Он вернулся в свой кабинет. На улице уже был день – такой же серый и бесцветный, как и утро. Он сел за стол и механически выдвинул ящик. Его пальцы наткнулись на картонный прямоугольник. Он достал фотографию Лены Беляевой. Девушка на выцветшем снимке счастливо улыбалась осеннему солнцу. Улыбка из другого мира, из другой, неслучившейся жизни. Забытая фотография. Он действительно забыл о ней, увлекшись погоней за тенями наркоторговцев. Он забыл о настоящей причине, о том единственном, что имело смысл в этой истории. Не «машинка», не деньги, не наркотики. А эта улыбка.
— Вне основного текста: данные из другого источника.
(* If $\pi \in S_n$ then $\displaystyle \Delta_{\odot}([\pi]) = \sum_{\pi \overset{\bullet}=\pi'\pi''} [\pi']\otimes [\pi'']$ and $\epsilon_\odot([\pi]) = \begin{cases} 1 & \text{if }\ell(\pi)=0 \\ 0 & \text{if }\ell(\pi) \neq 0. \end{cases}$
   Context: Let $\Bbbk$ be a field. For a word (finite sequence of positive integers) $w=w_1\cdots w_m$ with $\max(w)\le n$, $[w,n]$ denotes the linear endomorphism of the $\Bbbk$-span of all words sending a word $v$ of length $n$ to $v_{w_1}\cdots v_{w_m}$ and other words to $0$. Define $\Delta_\odot([w,n])=\sum_{i=0}^m [w_1\cdots w_i,n]\otimes[w_{i+1}\cdots w_m,n]$ and $\epsilon_\odot([w,n])=1$ if $w=\emptyset$, else $0$, extended linearly. For $\pi\in S_n$ (generated by $s_i=(i,i+1)$), $\mathcal{R}(\pi)$ is the set of reduced words, $\ell(\pi)$ the length, and $[\pi]=\sum_{w\in\mathcal{R}(\pi)}[w,n-1]$. Write $\pi\overset{\bullet}=\pi'\pi''$ if $\pi',\pi''\in S_n$, $\pi=\pi'\pi''$ and $\ell(\pi)=\ell(\pi')+\ell(\pi'')$. *)

theory Defs
  imports "HOL-Combinatorics.Permutations"
begin

text \<open>The basis element [w,n] of the span is indexed by the pair (w,n) (with max w \<le> n).
  Elements of the span are represented by their coefficient functions on this basis;
  elements of the tensor square by coefficient functions on pairs of basis indices.\<close>

type_synonym basis_idx = "nat list \<times> nat"

definition bas :: "nat list \<Rightarrow> nat \<Rightarrow> basis_idx \<Rightarrow> 'k::field" where
  "bas w n = (\<lambda>x. if x = (w, n) then 1 else 0)"

definition tensor :: "(basis_idx \<Rightarrow> 'k::field) \<Rightarrow> (basis_idx \<Rightarrow> 'k) \<Rightarrow> (basis_idx \<times> basis_idx \<Rightarrow> 'k)" where
  "tensor f g = (\<lambda>(x, y). f x * g y)"

definition Delta_bas :: "basis_idx \<Rightarrow> (basis_idx \<times> basis_idx \<Rightarrow> 'k::field)" where
  "Delta_bas b = (\<lambda>p. \<Sum>i\<in>{0..length (fst b)}.
      tensor (bas (take i (fst b)) (snd b)) (bas (drop i (fst b)) (snd b)) p)"

text \<open>Linear extension (for finitely supported coefficient functions).\<close>
definition Delta_odot :: "(basis_idx \<Rightarrow> 'k::field) \<Rightarrow> (basis_idx \<times> basis_idx \<Rightarrow> 'k)" where
  "Delta_odot f = (\<lambda>p. \<Sum>x\<in>{x. f x \<noteq> 0}. f x * Delta_bas x p)"

definition eps_odot :: "(basis_idx \<Rightarrow> 'k::field) \<Rightarrow> 'k" where
  "eps_odot f = (\<Sum>x\<in>{x. f x \<noteq> 0}. f x * (if fst x = [] then 1 else 0))"

definition s :: "nat \<Rightarrow> nat \<Rightarrow> nat" where
  "s i = transpose i (Suc i)"

definition word_prod :: "nat list \<Rightarrow> nat \<Rightarrow> nat" where
  "word_prod w = foldr (\<lambda>i f. s i \<circ> f) w id"

definition sn_word :: "nat \<Rightarrow> nat list \<Rightarrow> bool" where
  "sn_word n w \<longleftrightarrow> set w \<subseteq> {1..<n}"

definition len :: "nat \<Rightarrow> (nat \<Rightarrow> nat) \<Rightarrow> nat" where
  "len n \<pi> = (LEAST m. \<exists>w. sn_word n w \<and> length w = m \<and> word_prod w = \<pi>)"

definition reduced_words :: "nat \<Rightarrow> (nat \<Rightarrow> nat) \<Rightarrow> nat list set" where
  "reduced_words n \<pi> = {w. sn_word n w \<and> word_prod w = \<pi> \<and> length w = len n \<pi>}"

definition perm_elem :: "nat \<Rightarrow> (nat \<Rightarrow> nat) \<Rightarrow> basis_idx \<Rightarrow> 'k::field" where
  "perm_elem n \<pi> = (\<lambda>x. \<Sum>w\<in>reduced_words n \<pi>. bas w (n - 1) x)"

end

theory Submission
  imports Defs
begin

text \<open>Both sides are compared coefficientwise on basis tensors \<open>[u,n-1] \<otimes> [v,n-1]\<close>.
  Deconcatenating the reduced words of \<open>\<pi>\<close> produces each such tensor at most once, namely
  when \<open>u v\<close> is a reduced word of \<open>\<pi>\<close>. A word \<open>u v\<close> is reduced for \<open>\<pi>\<close> exactly when \<open>u\<close> and \<open>v\<close>
  are reduced words of factors \<open>\<pi>', \<pi>''\<close> with \<open>\<pi> = \<pi>' \<pi>''\<close> and \<open>\<ell>(\<pi>) = \<ell>(\<pi>') + \<ell>(\<pi>'')\<close>:
  replacing \<open>u\<close> and \<open>v\<close> by reduced words shows \<open>\<ell>(\<pi>) \<le> \<ell>(\<pi>') + \<ell>(\<pi>'') \<le> |u| + |v|\<close>.
  Since the factors are determined by \<open>u\<close> and \<open>v\<close>, the coefficient on the right-hand side is
  also 0 or 1 under the same condition. For the counit, the empty word is reduced for \<open>\<pi>\<close>
  iff \<open>\<ell>(\<pi>) = 0\<close>, because the simple transpositions generate \<open>S\<^sub>n\<close>.\<close>

lemma word_prod_Nil [simp]: "word_prod [] = id"
  by (simp add: word_prod_def)

lemma word_prod_Cons [simp]: "word_prod (a # w) = s a \<circ> word_prod w"
  by (simp add: word_prod_def)

lemma word_prod_append [simp]: "word_prod (u @ v) = word_prod u \<circ> word_prod v"
  by (induction u) auto

lemma sn_word_append [simp]: "sn_word n (u @ v) \<longleftrightarrow> sn_word n u \<and> sn_word n v"
  by (auto simp: sn_word_def)

lemma word_prod_permutes: "sn_word n w \<Longrightarrow> word_prod w permutes {1..n}"
proof (induction w)
  case Nil
  show ?case by (simp only: word_prod_Nil permutes_id)
next
  case (Cons a w)
  then have "s a permutes {1..n}" and "sn_word n w"
    by (auto simp: sn_word_def s_def intro!: permutes_swap_id)
  with Cons.IH show ?case by (metis word_prod_Cons permutes_compose)
qed

lemma ex_word_prod_eq_transpose:
  assumes "1 \<le> a" "a < b" "b \<le> n"
  shows "\<exists>w. sn_word n w \<and> word_prod w = transpose a b"
  using assms
proof (induction "b - a" arbitrary: a)
  case 0
  then show ?case by simp
next
  case (Suc k)
  show ?case
  proof (cases "Suc a = b")
    case True
    with Suc.prems show ?thesis
      by (intro exI[of _ "[a]"]) (auto simp: sn_word_def s_def)
  next
    case False
    moreover have "k = b - Suc a"
      using Suc.hyps(2) by arith
    ultimately obtain w where w: "sn_word n w" "word_prod w = transpose (Suc a) b"
      using Suc.hyps(1)[of "Suc a"] Suc.prems by auto
    have "transpose a b = s a \<circ> transpose (Suc a) b \<circ> s a"
      using False Suc.prems by (auto simp: s_def transpose_def fun_eq_iff)
    with w Suc.prems show ?thesis
      by (intro exI[of _ "a # w @ [a]"]) (auto simp: sn_word_def o_assoc)
  qed
qed

lemma ex_word_prod_eq_permutation:
  assumes "\<pi> permutes {1..n}"
  shows "\<exists>w. sn_word n w \<and> word_prod w = \<pi>"
  using assms finite_atLeastAtMost[of 1 n]
proof (induction rule: permutes_induct)
  case id
  show ?case by (intro exI[of _ "[]"]) (simp add: sn_word_def)
next
  case (swap a b p)
  then obtain w where w: "sn_word n w" "word_prod w = p" by blast
  have "\<exists>v. sn_word n v \<and> word_prod v = transpose a b"
  proof (cases "a < b")
    case True
    with swap show ?thesis by (auto intro: ex_word_prod_eq_transpose)
  next
    case False
    with swap have "b < a" by auto
    with swap show ?thesis using ex_word_prod_eq_transpose[of b a n] by (auto simp: transpose_commute)
  qed
  with w show ?case by (metis sn_word_append word_prod_append)
qed

lemma len_le_length: "sn_word n w \<Longrightarrow> len n (word_prod w) \<le> length w"
  unfolding len_def by (rule Least_le) blast

lemma reduced_words_nonempty:
  assumes "sn_word n w"
  obtains w' where "w' \<in> reduced_words n (word_prod w)"
proof -
  have "\<exists>m w'. sn_word n w' \<and> length w' = m \<and> word_prod w' = word_prod w"
    using assms by blast
  from LeastI_ex[OF this] show ?thesis
    using that unfolding len_def reduced_words_def by blast
qed

lemma finite_reduced_words: "finite (reduced_words n \<pi>)"
proof (rule finite_subset)
  show "reduced_words n \<pi> \<subseteq> {w. set w \<subseteq> {1..<n} \<and> length w = len n \<pi>}"
    by (auto simp: reduced_words_def sn_word_def)
  show "finite {w. set w \<subseteq> {1..<n} \<and> length w = len n \<pi>}"
    by (rule finite_lists_length_eq) simp
qed

lemma append_in_reduced_words_iff:
  "u @ v \<in> reduced_words n \<pi> \<longleftrightarrow>
     u \<in> reduced_words n (word_prod u) \<and> v \<in> reduced_words n (word_prod v) \<and>
     \<pi> = word_prod u \<circ> word_prod v \<and> len n \<pi> = len n (word_prod u) + len n (word_prod v)"
proof
  assume "u @ v \<in> reduced_words n \<pi>"
  then have su: "sn_word n u" and sv: "sn_word n v" and \<pi>: "\<pi> = word_prod u \<circ> word_prod v"
    and length_uv: "length u + length v = len n \<pi>"
    by (auto simp: reduced_words_def)
  obtain u' where u': "u' \<in> reduced_words n (word_prod u)"
    using su by (rule reduced_words_nonempty)
  obtain v' where v': "v' \<in> reduced_words n (word_prod v)"
    using sv by (rule reduced_words_nonempty)
  have "len n \<pi> \<le> len n (word_prod u) + len n (word_prod v)"
    using len_le_length[of n "u' @ v'"] u' v' \<pi> by (simp add: reduced_words_def)
  moreover have "len n (word_prod u) \<le> length u" "len n (word_prod v) \<le> length v"
    using su sv by (simp_all add: len_le_length)
  ultimately show "u \<in> reduced_words n (word_prod u) \<and> v \<in> reduced_words n (word_prod v) \<and>
     \<pi> = word_prod u \<circ> word_prod v \<and> len n \<pi> = len n (word_prod u) + len n (word_prod v)"
    using su sv \<pi> length_uv by (auto simp: reduced_words_def)
qed (auto simp: reduced_words_def)

lemma Nil_in_reduced_words_iff:
  assumes "\<pi> permutes {1..n}"
  shows "[] \<in> reduced_words n \<pi> \<longleftrightarrow> len n \<pi> = 0"
proof -
  obtain w where "sn_word n w" "word_prod w = \<pi>"
    using ex_word_prod_eq_permutation[OF assms] by blast
  then obtain w' where "w' \<in> reduced_words n \<pi>"
    by (metis reduced_words_nonempty)
  then show ?thesis by (auto simp: reduced_words_def sn_word_def)
qed

lemma sum_eq_conj_indicator:
  "finite S \<Longrightarrow> (\<Sum>x\<in>S. if x = a \<and> c then 1 else 0) = (if a \<in> S \<and> c then 1 else (0::'a::semiring_1))"
  by (cases c) (simp_all add: sum.delta)

lemma perm_elem_apply:
  "perm_elem n \<pi> (w, m) = (if w \<in> reduced_words n \<pi> \<and> m = n - 1 then 1 else 0)"
proof -
  have "perm_elem n \<pi> (w, m) = (\<Sum>w'\<in>reduced_words n \<pi>. if w' = w \<and> m = n - 1 then 1 else 0)"
    unfolding perm_elem_def bas_def by (intro sum.cong) auto
  also have "\<dots> = (if w \<in> reduced_words n \<pi> \<and> m = n - 1 then 1 else 0)"
    by (simp add: sum_eq_conj_indicator finite_reduced_words)
  finally show ?thesis .
qed

lemma sum_support_perm_elem:
  "(\<Sum>x\<in>{x. perm_elem n \<pi> x \<noteq> 0}. perm_elem n \<pi> x * g x) =
     (\<Sum>w\<in>reduced_words n \<pi>. g (w, n - 1))"
proof -
  have support: "{x. perm_elem n \<pi> x \<noteq> 0} = (\<lambda>w. (w, n - 1)) ` reduced_words n \<pi>"
    by (auto simp: perm_elem_apply split: if_splits)
  show ?thesis
    unfolding support by (subst sum.reindex) (auto simp: inj_on_def perm_elem_apply)
qed

lemma sum_split_positions:
  "(\<Sum>i\<in>{0..length w}. if take i w = u \<and> drop i w = v then c else 0) =
     (if w = u @ v then c else (0::'a::comm_monoid_add))"
proof (cases "w = u @ v")
  case True
  have "take i w = u \<and> drop i w = v \<longleftrightarrow> i = length u" if "i \<le> length w" for i
    using True that by (metis append_eq_conv_conj length_take min_absorb2)
  then have "(\<Sum>i\<in>{0..length w}. if take i w = u \<and> drop i w = v then c else 0) =
      (\<Sum>i\<in>{0..length w}. if i = length u then c else 0)"
    by (intro sum.cong) auto
  with True show ?thesis by simp
next
  case False
  then show ?thesis by (auto intro!: sum.neutral)
qed

lemma Delta_bas_apply:
  "Delta_bas (w, m) ((u, a), (v, b)) = (if w = u @ v \<and> a = m \<and> b = m then 1 else 0)"
proof -
  have "Delta_bas (w, m) ((u, a), (v, b)) =
      (\<Sum>i\<in>{0..length w}. if take i w = u \<and> drop i w = v then (if a = m \<and> b = m then 1 else 0) else 0)"
    unfolding Delta_bas_def tensor_def bas_def by (intro sum.cong) auto
  also have "\<dots> = (if w = u @ v \<and> a = m \<and> b = m then 1 else 0)"
    by (simp only: sum_split_positions) auto
  finally show ?thesis .
qed

lemma Delta_odot_perm_elem_apply:
  "Delta_odot (perm_elem n \<pi>) ((u, a), (v, b)) =
     (if u @ v \<in> reduced_words n \<pi> \<and> a = n - 1 \<and> b = n - 1 then 1 else 0)"
  unfolding Delta_odot_def sum_support_perm_elem Delta_bas_apply
  by (simp add: sum_eq_conj_indicator finite_reduced_words)

lemma eps_odot_perm_elem: "eps_odot (perm_elem n \<pi>) = (if [] \<in> reduced_words n \<pi> then 1 else 0)"
  unfolding eps_odot_def sum_support_perm_elem
  using finite_reduced_words[of n \<pi>] by (simp add: sum.delta')

lemma sum_tensor_perm_elem_apply:
  assumes "finite P"
  shows "(\<Sum>(\<sigma>, \<tau>)\<in>P. tensor (perm_elem n \<sigma>) (perm_elem n \<tau>) ((u, a), (v, b))) =
    (if (word_prod u, word_prod v) \<in> P \<and> u \<in> reduced_words n (word_prod u) \<and>
        v \<in> reduced_words n (word_prod v) \<and> a = n - 1 \<and> b = n - 1 then 1 else 0)"
proof -
  let ?c = "u \<in> reduced_words n (word_prod u) \<and> v \<in> reduced_words n (word_prod v) \<and>
            a = n - 1 \<and> b = n - 1"
  have tensor_eq: "tensor (perm_elem n \<sigma>) (perm_elem n \<tau>) ((u, a), (v, b)) =
      (if (\<sigma>, \<tau>) = (word_prod u, word_prod v) \<and> ?c then 1 else 0)" for \<sigma> \<tau>
    by (auto simp: tensor_def perm_elem_apply reduced_words_def)
  have "(\<Sum>(\<sigma>, \<tau>)\<in>P. tensor (perm_elem n \<sigma>) (perm_elem n \<tau>) ((u, a), (v, b))) =
      (\<Sum>x\<in>P. if x = (word_prod u, word_prod v) \<and> ?c then 1 else 0)"
    by (intro sum.cong refl) (simp only: split_paired_all case_prod_conv tensor_eq)
  with assms show ?thesis
    by (simp only: sum_eq_conj_indicator conj_assoc)
qed

theorem corollary4p2:
  fixes \<pi> :: "nat \<Rightarrow> nat" and n :: nat
  assumes "\<pi> permutes {1..n}"
  shows "Delta_odot (perm_elem n \<pi> :: basis_idx \<Rightarrow> 'k::field) =
           (\<lambda>p. \<Sum>(\<sigma>, \<tau>)\<in>{(\<sigma>, \<tau>). \<sigma> permutes {1..n} \<and> \<tau> permutes {1..n} \<and>
                              \<pi> = \<sigma> \<circ> \<tau> \<and> len n \<pi> = len n \<sigma> + len n \<tau>}.
                  tensor (perm_elem n \<sigma>) (perm_elem n \<tau>) p) \<and>
         eps_odot (perm_elem n \<pi> :: basis_idx \<Rightarrow> 'k::field) = (if len n \<pi> = 0 then 1 else 0)"
proof
  let ?P = "{(\<sigma>, \<tau>). \<sigma> permutes {1..n} \<and> \<tau> permutes {1..n} \<and>
                     \<pi> = \<sigma> \<circ> \<tau> \<and> len n \<pi> = len n \<sigma> + len n \<tau>}"
  have "finite ?P"
    by (rule finite_subset[of _ "{\<sigma>. \<sigma> permutes {1..n}} \<times> {\<tau>. \<tau> permutes {1..n}}"])
      (auto simp: finite_permutations)
  show "Delta_odot (perm_elem n \<pi> :: basis_idx \<Rightarrow> 'k) =
      (\<lambda>p. \<Sum>(\<sigma>, \<tau>)\<in>?P. tensor (perm_elem n \<sigma>) (perm_elem n \<tau>) p)"
  proof
    fix p :: "basis_idx \<times> basis_idx"
    obtain u a v b where p: "p = ((u, a), (v, b))" by (metis prod.exhaust)
    show "Delta_odot (perm_elem n \<pi> :: basis_idx \<Rightarrow> 'k) p =
        (\<Sum>(\<sigma>, \<tau>)\<in>?P. tensor (perm_elem n \<sigma>) (perm_elem n \<tau>) p)"
      unfolding p Delta_odot_perm_elem_apply sum_tensor_perm_elem_apply[OF \<open>finite ?P\<close>]
        append_in_reduced_words_iff
      using word_prod_permutes[of n u] word_prod_permutes[of n v] by (auto simp: reduced_words_def)
  qed
  show "eps_odot (perm_elem n \<pi> :: basis_idx \<Rightarrow> 'k) = (if len n \<pi> = 0 then 1 else 0)"
    using assms by (simp add: eps_odot_perm_elem Nil_in_reduced_words_iff)
qed

end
Виктор Молчанов был сломлен не угрозами бандитов. Он был сломлен год назад, в тот день, когда умерла эта девушка. Он жил с чувством вины, с мыслью, что не успел, не спас. Зачем такому человеку ввязываться в опасные игры с наркоторговцами? Это не сходилось с его психологическим портретом. А вот история, которую он себе представлял сначала, подходила идеально. Какие-то люди, знавшие о его таланте инженера, заставили его работать на себя. Шантажом, угрозами. Заставили делать то, что он умел – чертить, рассчитывать, создавать точные механизмы. «Машинка». Степан не мог выдумать это слово. Взрывное устройство с часовым механизмом. Вот что это было. Куда более страшная и логичная версия, чем мифическая центрифуга для аптекаря-самоучки.
Он снова почувствовал себя на верном пути. Только теперь этот путь был еще более темным и опасным. Он имел дело не с барыгами, торгующими смертью в розницу. Он имел дело с кем-то, кто готовил нечто масштабное. И тихий, раздавленный горем инженер оказался случайной, но необходимой деталью в их адском механизме. Его использовали, а когда он стал не нужен или опасен – выбросили, как отработанный материал.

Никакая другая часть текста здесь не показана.